Entscheidungsstichwort (Thema)
Zahlung von Säumniszuschlägen für nachgeforderte Gesamtsozialversicherungsbeiträge
Orientierungssatz
1. Wird eine Forderung des Gesamtsozialversicherungsbeitrags durch Bescheid mit Wirkung für die Vergangenheit festgestellt, so ist ein darauf entfallender Säumniszuschlag nicht zu erheben, soweit der Beitragsschuldner glaubhaft macht, dass er unverschuldet keine Kenntnis von der Beitragspflicht hatte.

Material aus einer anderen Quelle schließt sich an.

text \<open>there is a finite chain j = j_0 A j_1 A ... A j_K = v (K \<ge> 0):
  c is a function with domain K+1 = {0,...,K}, K \<in> omega\<close>
definition m_chain :: "'a \<Rightarrow> 'a \<Rightarrow> 'a \<Rightarrow> bool" where
  "m_chain A j v \<longleftrightarrow>
     (\<exists>w K K1 c e. m_omega w \<and> K \<in>\<^sub>m w \<and> m_succ K1 K \<and> m_empty e \<and>
        m_fun c \<and> m_dom c K1 \<and> m_edge c e j \<and> m_edge c K v \<and>
        (\<forall>i i1 a b. i \<in>\<^sub>m K \<and> m_succ i1 i \<and> m_edge c i a \<and> m_edge c i1 b \<longrightarrow> m_edge A a b))"

definition m_is_vertex :: "'a \<Rightarrow> 'a \<Rightarrow> bool" where
  "m_is_vertex A v \<longleftrightarrow> m_fld A v \<and> (\<forall>j. m_fld A j \<longrightarrow> m_chain A j v)"

definition m_vertex_digraph :: "'a \<Rightarrow> bool" where
  "m_vertex_digraph A \<longleftrightarrow> m_empty A \<or> (\<exists>!v. m_is_vertex A v)"

text \<open>v = ver(A); convention ver(\<emptyset>) = \<emptyset>\<close>
definition m_ver :: "'a \<Rightarrow> 'a \<Rightarrow> bool" where
  "m_ver A v \<longleftrightarrow> (m_empty A \<and> m_empty v) \<or> (\<not> m_empty A \<and> m_is_vertex A v)"

definition Z_FTM_omega :: bool where
  "Z_FTM_omega \<longleftrightarrow>
     \<comment> \<open>Extensionality\<close>
     (\<forall>x y. (\<forall>z. z \<in>\<^sub>m x \<longleftrightarrow> z \<in>\<^sub>m y) \<longrightarrow> x = y) \<and>
     \<comment> \<open>Pairing\<close>
     (\<forall>a b. \<exists>z. m_upair z a b) \<and>
     \<comment> \<open>Union\<close>
     (\<forall>x. \<exists>u. \<forall>y. y \<in>\<^sub>m u \<longleftrightarrow> (\<exists>z. z \<in>\<^sub>m x \<and> y \<in>\<^sub>m z)) \<and>
     \<comment> \<open>Infinity\<close>
     (\<exists>w. m_inductive w) \<and>
     \<comment> \<open>Regularity\<close>
     (\<forall>x. (\<exists>y. y \<in>\<^sub>m x) \<longrightarrow> (\<exists>y. y \<in>\<^sub>m x \<and> (\<forall>z. z \<in>\<^sub>m y \<longrightarrow> \<not> z \<in>\<^sub>m x))) \<and>
     \<comment> \<open>Separation schema (first-order formulas with parameters)\<close>
     (\<forall>\<phi> env i a. \<exists>b. \<forall>y. y \<in>\<^sub>m b \<longleftrightarrow> (y \<in>\<^sub>m a \<and> sat (\<in>\<^sub>m) (env(i := y)) \<phi>)) \<and>
     \<comment> \<open>FC\<close>
     (\<forall>X. \<exists>Y. m_subset X Y \<and> (\<forall>F. m_subset F Y \<and> m_finite F \<longrightarrow> F \<in>\<^sub>m Y)) \<and>
     \<comment> \<open>TS\<close>
     (\<forall>X. \<exists>T. m_subset X T \<and> m_transitive T) \<and>
     \<comment> \<open>MC\<close>
     (\<forall>A. m_rel A \<and> m_wf A \<and> m_extensional A \<longrightarrow> (\<exists>X eta. m_collapse A X eta)) \<and>
     \<comment> \<open>Count\<close>
     (\<forall>X. \<exists>w f. m_omega w \<and> m_fun f \<and> m_injective f \<and> m_dom f X \<and>
               (\<forall>y. (\<exists>x. m_edge f x y) \<longrightarrow> y \<in>\<^sub>m w))"

end

end

theory Submission
  imports Defs
begin

text \<open>Let \<open>S\<close> be the transitive closure of \<open>{X}\<close> (by TS and Separation) and \<open>f : S \<rightarrow> \<omega>\<close> an
  injection (by Count). The digraph \<open>A = {(f a, f b) | a, b \<in> S, a \<in> b}\<close> is well-founded by
  Regularity and extensional by Extensionality, and \<open>f\<inverse>\<close> restricted to \<open>fld A\<close> is its collapse; it sends \<open>f X\<close> to \<open>X\<close>. By \<open>\<in>\<close>-induction along \<open>S\<close>, every element of
  \<open>S\<close> reaches \<open>X\<close> by a finite \<open>\<in>\<close>-chain, so \<open>f X\<close> is a vertex of \<open>A\<close> when \<open>X \<noteq> \<emptyset>\<close>, unique by
  well-foundedness; when \<open>X = \<emptyset>\<close>, \<open>A = \<emptyset>\<close>. Lacking Power Set, the sets of pairs involved (\<open>A\<close>,
  the collapse, the chains) are separated from a pair-closed set provided by FC.\<close>

section \<open>Definable notions\<close>

definition FOr :: "fm \<Rightarrow> fm \<Rightarrow> fm" where "FOr p q = FNeg (FAnd (FNeg p) (FNeg q))"
definition FImp :: "fm \<Rightarrow> fm \<Rightarrow> fm" where "FImp p q = FNeg (FAnd p (FNeg q))"
definition FIff :: "fm \<Rightarrow> fm \<Rightarrow> fm" where "FIff p q = FAnd (FImp p q) (FImp q p)"
definition FAll :: "nat \<Rightarrow> fm \<Rightarrow> fm" where "FAll i p = FNeg (FEx i (FNeg p))"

2. Eine juristische Person des Privatrechts muss sich die Kenntnis ihrer Funktionsträger zurechnen lassen. Dies gilt auch, wenn diesen ein Organisationsverschulden bei der Kontrolle und Überwachung der Mitarbeiter vorzuwerfen ist. Werden regelmäßig Controllingmaßnahmen durchgeführt, ist ein Organisationsverschulden ausgeschlossen.
Tenor
Auf die Berufung der Klägerin wird das Urteil des Sozialgerichts Köln vom 11. Juni 2008 geändert. Der Bescheid der Beklagten vom 14.11.2006 in der Fassung des Widerspruchsbescheides vom 16.05.2007 wird aufgehoben, soweit der Klägerin darin Säumniszuschläge in Höhe von 12.259,55 EUR auferlegt werden. Die Beklagte trägt die Kosten des Verfahrens in beiden Rechtszügen. Die Revision wird nicht zugelassen.
Tatbestand
Streitig ist die Zahlung von Säumniszuschlägen (SZ) für nachgeforderte Gesamtsozialversicherungsbeiträge.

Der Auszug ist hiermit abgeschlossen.